Thursday, 29 September 2016

In Brief...

Well this is my first post and I'm hoping that at least one person will read it. HAHA. A little about me, I have been diagnosed with Borderline Personality Disorder. What does this mean? Well its a label and I try not to let it define who I am and what I do. I have problems understanding why I act a certain way and connecting those actions to my thoughts and feelings. There is a constant battle in my head currently because I know what I am feeling and thinking is not quite right, but I'm still doing things that are wrong. I yell or get angry at people and feel totally justified at that moment, but later I will look back and realise I over reacted or I wasn't being fair. It is quite an alienating mental issue for me as people don't understand my moods or my actions and they are well within their rights, I don't even understand them. In order to understand other peoples feelings I tend to place myself in their shoes and think about how I would feel.Which, by the way, is a good thing for anyone to do. I suffer from depression and anxiety, which at times makes me paranoid that nobody likes me and they are just humouring what I say. Sometimes I think that people are talking behind my back about me and saying that I am just making excuses about my health to get out of events or just being lazy. I often feel that I have failed everything and everyone and that my life is a joke, leading to thinking about suicide or hurting myself. I have nightmares all the time, some are silly, some are due to abuse I suffered during my childhood, and some are just plain creepy and weird. Currently I see a great psychologist, who has spent many years helping me understand and deal with my issues. Yes I do take medication, less now than a few years ago.

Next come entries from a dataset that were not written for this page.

lemma exists_discrete_bayes_dominating:
  fixes \<nu>s :: "nat \<Rightarrow> 'a list \<Rightarrow> real" and w :: "nat \<Rightarrow> real"
  assumes "\<forall>\<mu>\<in>C. seq_prob_measure X \<mu>" "C \<noteq> {}" "\<forall>n. \<nu>s n \<in> mixtures C seqprob"
    and "\<forall>n. 0 \<le> w n" "w sums 1"
  shows "\<exists>\<nu>. discrete_bayes X C \<nu> \<and> (\<forall>n xs. w n * \<nu>s n xs \<le> seqprob \<nu> xs)"
proof -
  obtain \<mu>0 where \<mu>0: "\<mu>0 \<in> C" using assms(2) by blast
  have "\<forall>n. \<exists>(m :: nat) c g. \<nu>s n = (\<lambda>xs. \<Sum>j<m. c j * seqprob (g j) xs) \<and>
      (\<forall>j<m. g j \<in> C \<and> 0 \<le> c j) \<and> (\<Sum>j<m. c j) = 1"
    using assms(3) unfolding mixtures_def mem_Collect_eq .
  then have "\<exists>(m :: nat \<Rightarrow> nat) c g. \<forall>n. \<nu>s n = (\<lambda>xs. \<Sum>j<m n. c n j * seqprob (g n j) xs) \<and>
      (\<forall>j<m n. g n j \<in> C \<and> 0 \<le> c n j) \<and> (\<Sum>j<m n. c n j) = 1"
    by (simp only: choice_iff)
  then obtain m :: "nat \<Rightarrow> nat" and c g where mcg: "\<And>n j. j < m n \<Longrightarrow> g n j \<in> C \<and> 0 \<le> c n j"
    "\<And>n. (\<Sum>j<m n. c n j) = 1" "\<And>n. \<nu>s n = (\<lambda>xs. \<Sum>j<m n. c n j * seqprob (g n j) xs)"
    by blast
  \<comment> \<open>\<open>\<nu>\<close> draws \<open>n\<close> with probability \<open>w n\<close>, then the \<open>j\<close>-th component of \<open>\<nu>s n\<close>;
    the pair \<open>(n, j)\<close> is encoded as one natural number, as \<open>discrete_bayes\<close> indexes components by \<open>nat\<close>\<close>
  define p where "p n = embed_pmf (\<lambda>j. if j \<in> {..<m n} then c n j else 0)" for n
  have pmf_p: "pmf (p n) j = c n j" if "j < m n" for n j
    unfolding p_def using that mcg(1,2) sums_If_finite_set[of "{..<m n}" "c n"]
    by (subst pmf_embed_pmf_sums) auto
  define P where "P = bind_pmf (embed_pmf w) (\<lambda>n. map_pmf (\<lambda>j. prod_encode (n, j)) (p n))"
  define \<mu>s where "\<mu>s k = (case prod_decode k of (n, j) \<Rightarrow> if j < m n then g n j else \<mu>0)" for k
  have \<mu>s_C: "\<forall>k. \<mu>s k \<in> C" unfolding \<mu>s_def using mcg(1) \<mu>0 by (auto split: prod.splits)
  then have \<mu>s: "\<forall>k. seq_prob_measure X (\<mu>s k)" using assms(1) by blast
  define \<nu> where "\<nu> = measure_pmf P \<bind> \<mu>s"
  have "w n * \<nu>s n xs \<le> seqprob \<nu> xs" for n xs
  proof -
    let ?F = "\<lambda>k. emeasure (\<mu>s k) (cylinder X xs)"
    have "?F (prod_encode (n, j)) * pmf (p n) j = ennreal (c n j * seqprob (g n j) xs)" if "j < m n" for j
      using that mcg(1)[OF that] assms(1) pmf_p[OF that]
      by (simp add: \<mu>s_def emeasure_cylinder ennreal_mult' seqprob_nonneg mult.commute)
    then have "(\<Sum>j<m n. ?F (prod_encode (n, j)) * pmf (p n) j) =
        (\<Sum>j<m n. ennreal (c n j * seqprob (g n j) xs))"
      by (intro sum.cong) auto
    also have "\<dots> = ennreal (\<nu>s n xs)"
      unfolding mcg(3) using mcg(1) by (intro sum_ennreal) (simp add: seqprob_nonneg)
    finally have "ennreal (w n * \<nu>s n xs) = (\<Sum>j<m n. ?F (prod_encode (n, j)) * pmf (p n) j) * pmf (embed_pmf w) n"
      using assms(4,5) by (simp add: pmf_embed_pmf_sums ennreal_mult' mult.commute)
    also have "\<dots> \<le> (\<integral>\<^sup>+j. ?F (prod_encode (n, j)) \<partial>p n) * pmf (embed_pmf w) n"
      by (intro mult_right_mono nn_integral_measure_pmf_ge_sum) auto
    also have "\<dots> \<le> (\<integral>\<^sup>+n'. (\<integral>\<^sup>+j. ?F (prod_encode (n', j)) \<partial>p n') \<partial>embed_pmf w)"
      using nn_integral_measure_pmf_ge_sum[of "{n}"] by simp
    also have "\<dots> = emeasure \<nu> (cylinder X xs)"
      unfolding \<nu>_def emeasure_bind_pmf_streams[OF \<mu>s sets_cylinder] P_def by simp
    also have "\<dots> = ennreal (seqprob \<nu> xs)"
      unfolding \<nu>_def by (rule emeasure_cylinder[OF seq_prob_measure_bind_pmf[OF \<mu>s]])
    finally show ?thesis by (simp add: seqprob_nonneg)
  qed
  moreover have "discrete_bayes X C \<nu>"
    unfolding \<nu>_def using assms(1) \<mu>s_C by (rule discrete_bayes_bind_pmf)
  ultimately show ?thesis by blast
qed

lemma pronic_inverse_sums: "(\<lambda>n. 1 / (real (Suc n) * real (Suc (Suc n)))) sums 1"
proof -
  have "(\<lambda>n. inverse (real (Suc n)) - inverse (real (Suc (Suc n)))) sums (inverse (real (Suc 0)) - 0)"
    by (rule telescope_sums'[OF LIMSEQ_inverse_real_of_nat])
  moreover have "inverse (real (Suc n)) - inverse (real (Suc (Suc n))) = 1 / (real (Suc n) * real (Suc (Suc n)))" for n
    by (simp add: field_simps)
  ultimately show ?thesis by simp
qed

So thats all the bad stuff out of the way, like I said I try not to let it define me as a person. I have a wonderful partner. Me and Chris have been together for nearly 4 years now. I don't have any children myself, but Chris has 3 to a previous marrige that I spend time with. My babies all have fur. There is Ebony (mini fox terrier), Mushu (Old man fluffy cat), Houdini (scaredy cat), and Jazz (cat and lover of fluffy things). As I cannot currently hold a job I study through OUA online. I like to make sure I am doing something to keep me occupied. 
I would love to hear from others with BPD and your experiances in life.